*PROBLEM TO SOLVE*. Check each line of the entries below for the word "True", and copy out the ones that have it.

*RECORD EXTRACTS*.
lemma replication_number:
  assumes S: "S \<subseteq> P" "card S \<le> t"
  shows "(card P - card S) choose (t - card S)
           = ((k - card S) choose (t - card S)) * card {i \<in> I. S \<subseteq> blk i}"
proof -
  define Ts where "Ts = {T. T \<subseteq> P \<and> S \<subseteq> T \<and> card T = t}"
  have "finite Ts"
    unfolding Ts_def using finite_points by (auto intro: finite_subset[of _ "Pow P"])
  have blocks_through: "card {T \<in> Ts. T \<subseteq> blk i}
                          = (if S \<subseteq> blk i then (k - card S) choose (t - card S) else 0)"
    if "i \<in> I" for i
  proof (cases "S \<subseteq> blk i")
    case True
    have "finite (blk i)" using block_subset[OF that] finite_points finite_subset by blast
    moreover have "{T \<in> Ts. T \<subseteq> blk i} = {T. T \<subseteq> blk i \<and> S \<subseteq> T \<and> card T = t}"
      unfolding Ts_def using block_subset[OF that] by auto
    ultimately show ?thesis
      using card_supersets_of_size[OF _ True S(2)] card_block[OF that] True by simp
  next
    case False
    then have no_block: "{T \<in> Ts. T \<subseteq> blk i} = {}" unfolding Ts_def by auto
    show ?thesis using False by (subst no_block) simp
  qed
  have "card Ts = (\<Sum>T\<in>Ts. card {i \<in> I. T \<subseteq> blk i})"
    by (simp add: Ts_def unique_cover)
  also have "\<dots> = (\<Sum>i\<in>I. card {T \<in> Ts. T \<subseteq> blk i})"
    using sum.swap_restrict[OF \<open>finite Ts\<close> finite_index, of "\<lambda>_ _. 1::nat" "\<lambda>T i. T \<subseteq> blk i"]
    by simp
  also have "\<dots> = (\<Sum>i\<in>I. if S \<subseteq> blk i then (k - card S) choose (t - card S) else 0)"
    by (rule sum.cong) (simp_all add: blocks_through)
  also have "\<dots> = ((k - card S) choose (t - card S)) * card {i \<in> I. S \<subseteq> blk i}"
    using finite_index by (simp add: sum.If_cases Int_def)
  finally show ?thesis
    using card_supersets_of_size[OF finite_points S] by (simp add: Ts_def)
qed

end

locale indexed_SQS = steiner_family 3 4 P I blk
  for P :: "'a set" and I :: "'i set" and blk :: "'i \<Rightarrow> 'a set"
begin

lemma order_product_eq_24_card_blocks: "card P * (card P - 1) * (card P - 2) = 24 * card I"
proof -
  have "card P choose 3 = 4 * card I"
    using replication_number[of "{}"] by (simp add: numeral_eq_Suc)
  then show ?thesis
    using six_times_choose_three[of "card P"] by simp
qed

lemma order_mod_6:
  assumes "2 \<le> card P"
  shows "card P mod 6 = 2 \<or> card P mod 6 = 4"
proof -
  obtain S\<^sub>2 where S\<^sub>2: "S\<^sub>2 \<subseteq> P" "card S\<^sub>2 = 2"
    using obtain_subset_with_card_n[OF assms] by metis
  obtain S\<^sub>1 where S\<^sub>1: "S\<^sub>1 \<subseteq> P" "card S\<^sub>1 = 1"
    using obtain_subset_with_card_n[of 1 P] assms by (metis Suc_leD numeral_2_eq_2 One_nat_def)
  have "card P - 2 = 2 * card {i \<in> I. S\<^sub>2 \<subseteq> blk i}"
    using replication_number[of S\<^sub>2] S\<^sub>2 by simp
  then have "even (card P - 2)"
    by simp
  with assms have "even (card P)"
    using dvd_diffD[of 2 "card P" 2] by simp
  have "(card P - 1) choose 2 = 3 * card {i \<in> I. S\<^sub>1 \<subseteq> blk i}"
    using replication_number[of S\<^sub>1] S\<^sub>1 by (simp add: choose_two)
  then have "3 dvd 2 * ((card P - 1) choose 2)"
    by simp
  then have "3 dvd (card P - 1) * (card P - 1 - 1)"
    by (simp only: two_times_choose_two)
  then have "3 dvd card P - 1 \<or> 3 dvd card P - 1 - 1"
    by (simp add: prime_dvd_mult_iff)
  have "\<not> 3 dvd card P"
  proof
    assume "3 dvd card P"
    with \<open>3 dvd card P - 1 \<or> 3 dvd card P - 1 - 1\<close>
    have "3 dvd card P - (card P - 1) \<or> 3 dvd card P - (card P - 1 - 1)"
      by auto
    with assms show False
      by simp
  qed
  with \<open>even (card P)\<close> show ?thesis
    by (simp add: mod_6_eq_2_or_4_iff)
qed

end

lemma shift_shift: "shift v a (shift v b p) = shift v (a + b) p"
  by (cases p) (simp add: shift_def mod_simps ac_simps)

lemma shift_mod: "shift v (r mod v) = shift v r"
  by (auto simp: shift_def mod_simps)

lemma shift_in_pts: "p \<in> pts u v \<Longrightarrow> shift v r p \<in> pts u v"
  by (cases p) (auto simp: shift_def pts_def)

lemma shift_multiple_of_order: "p \<in> pts u v \<Longrightarrow> shift v (m * v) p = p"
  by (cases p) (simp add: shift_def pts_def)

lemma shift_inverse:
  assumes "p \<in> pts u v"
  shows "shift v (v - r mod v) (shift v r p) = p"
proof -
  have "r mod v < v"
    using assms by (auto simp: pts_def)
  then have "v - r mod v + r = (r div v + 1) * v"
    using div_mult_mod_eq[of r v] unfolding distrib_right by linarith
  then show ?thesis
    using assms by (simp only: shift_shift shift_multiple_of_order)
qed

lemma inj_on_shift: "inj_on (shift v r) (pts u v)"
proof (rule inj_onI)
  fix p q
  assume "p \<in> pts u v" "q \<in> pts u v" "shift v r p = shift v r q"
  then show "p = q"
    by (metis shift_inverse)
qed

lemma image_shift_shift: "shift v a ` shift v b ` B = shift v (a + b) ` B"
  by (simp add: image_image shift_shift)

lemma image_shift_multiple_of_order:
  assumes "B \<subseteq> pts u v"
  shows "shift v (m * v) ` B = B"
proof -
  have "shift v (m * v) ` B = id ` B"
    using assms by (intro image_cong) (auto simp: shift_multiple_of_order)
  then show ?thesis
    by simp
qed

lemma image_shift_add_multiple:
  "B \<subseteq> pts u v \<Longrightarrow> shift v (a + m * v) ` B = shift v a ` B"
  by (metis image_shift_shift image_shift_multiple_of_order)

lemma image_shift_cancel:
  assumes "B' \<subseteq> pts u v" "s \<le> v" "shift v r ` B = shift v s ` B'"
  shows "B' = shift v (v - s + r) ` B"
proof -
  have "B' = shift v (v - s) ` shift v s ` B'"
    using image_shift_multiple_of_order[OF assms(1), of 1] assms(2) by (simp add: image_shift_shift)
  also have "\<dots> = shift v (v - s) ` shift v r ` B"
    using assms(3) by simp
  finally show ?thesis
    by (simp add: image_shift_shift)
qed

definition shift_orbit :: "nat \<Rightarrow> (nat \<times> nat) set \<Rightarrow> (nat \<times> nat) set set" where
  "shift_orbit v B = (\<lambda>r. shift v r ` B) ` {..<v}"

lemma shift_orbit_subset:
  assumes "B \<in> Bs" "B \<subseteq> pts u v" "\<And>B. B \<in> Bs \<Longrightarrow> shift v 1 ` B \<in> Bs"
  shows "shift_orbit v B \<subseteq> Bs"
proof -
  have "shift v r ` B \<in> Bs" for r
  proof (induction r)
    case 0
    then show ?case
      using image_shift_multiple_of_order[OF assms(2), of 0] assms(1) by simp
  next
    case (Suc r)
    then show ?case
      using assms(3) by (metis image_shift_shift plus_1_eq_Suc)
  qed
  then show ?thesis
    by (auto simp: shift_orbit_def)
qed

lemma card_shift_orbit:
  assumes "B \<subseteq> pts u v" and stabilizer: "\<And>r. r < v \<Longrightarrow> shift v r ` B = B \<Longrightarrow> r = 0"
  shows "card (shift_orbit v B) = v"
proof -
  have no_repetition: "r = s" if "r < s" "s < v" "shift v r ` B = shift v s ` B" for r s
  proof -
    have "B = shift v (v - r + s) ` B"
      using image_shift_cancel[OF assms(1), of r s B] that by simp
    also have "v - r + s = (s - r) + 1 * v"
      using that by simp
    also have "shift v \<dots> ` B = shift v (s - r) ` B"
      by (rule image_shift_add_multiple[OF assms(1)])
    finally have "shift v (s - r) ` B = B"
      by simp
    moreover have "s - r < v"
      using that by simp
    ultimately show "r = s"
      using stabilizer[of "s - r"] \<open>r < s\<close> by simp
  qed
  have "inj_on (\<lambda>r. shift v r ` B) {..<v}"
  proof (rule inj_onI)
    fix r s
    assume "r \<in> {..<v}" "s \<in> {..<v}" "shift v r ` B = shift v s ` B"
    then show "r = s"
      using no_repetition[of r s] no_repetition[of s r] by (cases r s rule: linorder_cases) auto
  qed
  then show ?thesis
    by (simp add: shift_orbit_def card_image)
qed

lemma shift_orbit_subset_if_common_element:
  assumes "B \<subseteq> pts u v" "B' \<subseteq> pts u v"
    and "X \<in> shift_orbit v B" "X \<in> shift_orbit v B'"
  shows "shift_orbit v B' \<subseteq> shift_orbit v B"
proof
  obtain r s where rs: "r < v" "s < v" "X = shift v r ` B" "X = shift v s ` B'"
    using assms(3,4) by (auto simp: shift_orbit_def)
  then have B': "B' = shift v (v - s + r) ` B"
    using image_shift_cancel[OF assms(2), of s r B] by simp
  fix Y
  assume "Y \<in> shift_orbit v B'"
  then obtain t where "Y = shift v t ` B'"
    by (auto simp: shift_orbit_def)
  then have "Y = shift v ((t + (v - s + r)) mod v) ` B"
    using B' by (simp add: image_shift_shift shift_mod)
  then show "Y \<in> shift_orbit v B"
    using rs by (auto simp: shift_orbit_def)
qed

lemma order_dvd_card_of_strictly_cyclic_family:
  assumes "0 < v" "finite Bs"
    and subset: "\<And>B. B \<in> Bs \<Longrightarrow> B \<subseteq> pts u v"
    and closed: "\<And>B. B \<in> Bs \<Longrightarrow> shift v 1 ` B \<in> Bs"
    and stabilizer: "\<And>B r. B \<in> Bs \<Longrightarrow> r < v \<Longrightarrow> shift v r ` B = B \<Longrightarrow> r = 0"
  shows "v dvd card Bs"
proof -
  have "B \<in> shift_orbit v B" if "B \<in> Bs" for B
  proof -
    have "shift v 0 ` B = B"
      using image_shift_multiple_of_order[OF subset[OF that], of 0] by simp
    then show ?thesis
      unfolding shift_orbit_def using \<open>0 < v\<close> by (intro rev_image_eqI[of 0]) simp_all
  qed
  moreover have "shift_orbit v B \<subseteq> Bs" if "B \<in> Bs" for B
    using shift_orbit_subset[OF that subset[OF that] closed] .
  ultimately have orbits_cover: "\<Union> (shift_orbit v ` Bs) = Bs"
    by blast
  have "v * card (shift_orbit v ` Bs) = card (\<Union> (shift_orbit v ` Bs))"
  proof (rule card_partition)
    show "finite (shift_orbit v ` Bs)" "finite (\<Union> (shift_orbit v ` Bs))"
      using \<open>finite Bs\<close> orbits_cover by simp_all
    show "card Orb = v" if orbit: "Orb \<in> shift_orbit v ` Bs" for Orb
    proof -
      obtain B where "B \<in> Bs" "Orb = shift_orbit v B"
        using orbit by blast
      then show ?thesis
        using card_shift_orbit[OF subset stabilizer] by simp
    qed
    show "Orb \<inter> Orb' = {}"
      if orbits: "Orb \<in> shift_orbit v ` Bs" "Orb' \<in> shift_orbit v ` Bs" and "Orb \<noteq> Orb'"
      for Orb Orb'
    proof (rule ccontr)
      assume "Orb \<inter> Orb' \<noteq> {}"
      then obtain X where X: "X \<in> Orb" "X \<in> Orb'"
        by blast
      obtain B B' where "B \<in> Bs" "B' \<in> Bs" "Orb = shift_orbit v B" "Orb' = shift_orbit v B'"
        using orbits by blast
      then have "Orb' \<subseteq> Orb" "Orb \<subseteq> Orb'"
        using shift_orbit_subset_if_common_element[OF subset subset] X by simp_all
      with \<open>Orb \<noteq> Orb'\<close> show False
        by blast
    qed
  qed
  then show ?thesis
    unfolding orbits_cover by (metis dvd_triv_left)
qed

lemma finite_family_of_subsets_of_pts: "(\<And>B. B \<in> Bs \<Longrightarrow> B \<subseteq> pts u v) \<Longrightarrow> finite Bs"
  by (rule finite_subset[of _ "Pow (pts u v)"]) (auto simp: pts_def)

lemma perfect_OOC_indexed_SQS:
  assumes "perfect_OOC u v C"
  shows "indexed_SQS (pts u v) (C \<times> {..<v}) (\<lambda>(A, r). shift v r ` A)"
proof -
  have codeword: "A \<subseteq> pts u v" "card A = 4" if "A \<in> C" for A
    using assms that by (auto simp: perfect_OOC_def is_OOC_def)
  show ?thesis
  proof
    show "finite (pts u v)" "finite (C \<times> {..<v})"
      using finite_family_of_subsets_of_pts[of C u v] codeword by (simp_all add: pts_def)
    show "(case i of (A, r) \<Rightarrow> shift v r ` A) \<subseteq> pts u v" if "i \<in> C \<times> {..<v}" for i
      using that codeword shift_in_pts by fastforce
    show "card (case i of (A, r) \<Rightarrow> shift v r ` A) = 4" if i: "i \<in> C \<times> {..<v}" for i
    proof -
      obtain A r where "i = (A, r)" "A \<in> C"
        using i by blast
      then show ?thesis
        using codeword card_image[OF inj_on_subset[OF inj_on_shift[of v r u]]] by simp
    qed
    show "card {i \<in> C \<times> {..<v}. T \<subseteq> (case i of (A, r) \<Rightarrow> shift v r ` A)} = 1"
      if "T \<subseteq> pts u v" "card T = 3" for T
    proof -
      have "{i \<in> C \<times> {..<v}. T \<subseteq> (case i of (A, r) \<Rightarrow> shift v r ` A)}
              = {(A, r). A \<in> C \<and> r < v \<and> T \<subseteq> shift v r ` A}"
        by auto
      moreover have "card {(A, r). A \<in> C \<and> r < v \<and> T \<subseteq> shift v r ` A} = 1"
        using assms that unfolding perfect_OOC_def by blast
      ultimately show ?thesis
        by simp
    qed
  qed
qed

lemma strictly_cyclic_SQS_indexed_SQS:
  assumes "strictly_cyclic_SQS u v Bs"
  shows "indexed_SQS (pts u v) Bs id"
proof
  have block: "B \<subseteq> pts u v" "card B = 4" if "B \<in> Bs" for B
    using assms that by (auto simp: strictly_cyclic_SQS_def)
  show "finite (pts u v)"
    by (simp add: pts_def)
  show "finite Bs"
    by (rule finite_family_of_subsets_of_pts) (rule block)
  show "id B \<subseteq> pts u v" "card (id B) = 4" if "B \<in> Bs" for B
    using block that by simp_all
  show "card {B \<in> Bs. T \<subseteq> id B} = 1" if "T \<subseteq> pts u v" "card T = 3" for T
  proof -
    have "\<exists>!B. B \<in> Bs \<and> T \<subseteq> B"
      using assms that by (simp add: strictly_cyclic_SQS_def)
    then obtain B where "B \<in> Bs" "T \<subseteq> B" "\<And>C. C \<in> Bs \<Longrightarrow> T \<subseteq> C \<Longrightarrow> C = B"
      by blast
    then have "{C \<in> Bs. T \<subseteq> C} = {B}"
      by blast
    then show ?thesis
      by simp
  qed
qed

lemma strictly_cyclic_SQS_order_dvd_card:
  assumes "strictly_cyclic_SQS u v Bs" "0 < v"
  shows "v dvd card Bs"
proof (rule order_dvd_card_of_strictly_cyclic_family[of v Bs u])
  show subset: "B \<subseteq> pts u v" "shift v 1 ` B \<in> Bs" if "B \<in> Bs" for B
    using assms(1) that by (simp_all add: strictly_cyclic_SQS_def)
  show "finite Bs"
    using finite_family_of_subsets_of_pts subset(1) by blast
  show "r = 0" if "B \<in> Bs" "r < v" "shift v r ` B = B" for B r
    using assms(1) that by (simp add: strictly_cyclic_SQS_def)
qed (fact assms(2))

*THE ANSWER*.
    case True
      using card_supersets_of_size[OF _ True S(2)] card_block[OF that] True by simp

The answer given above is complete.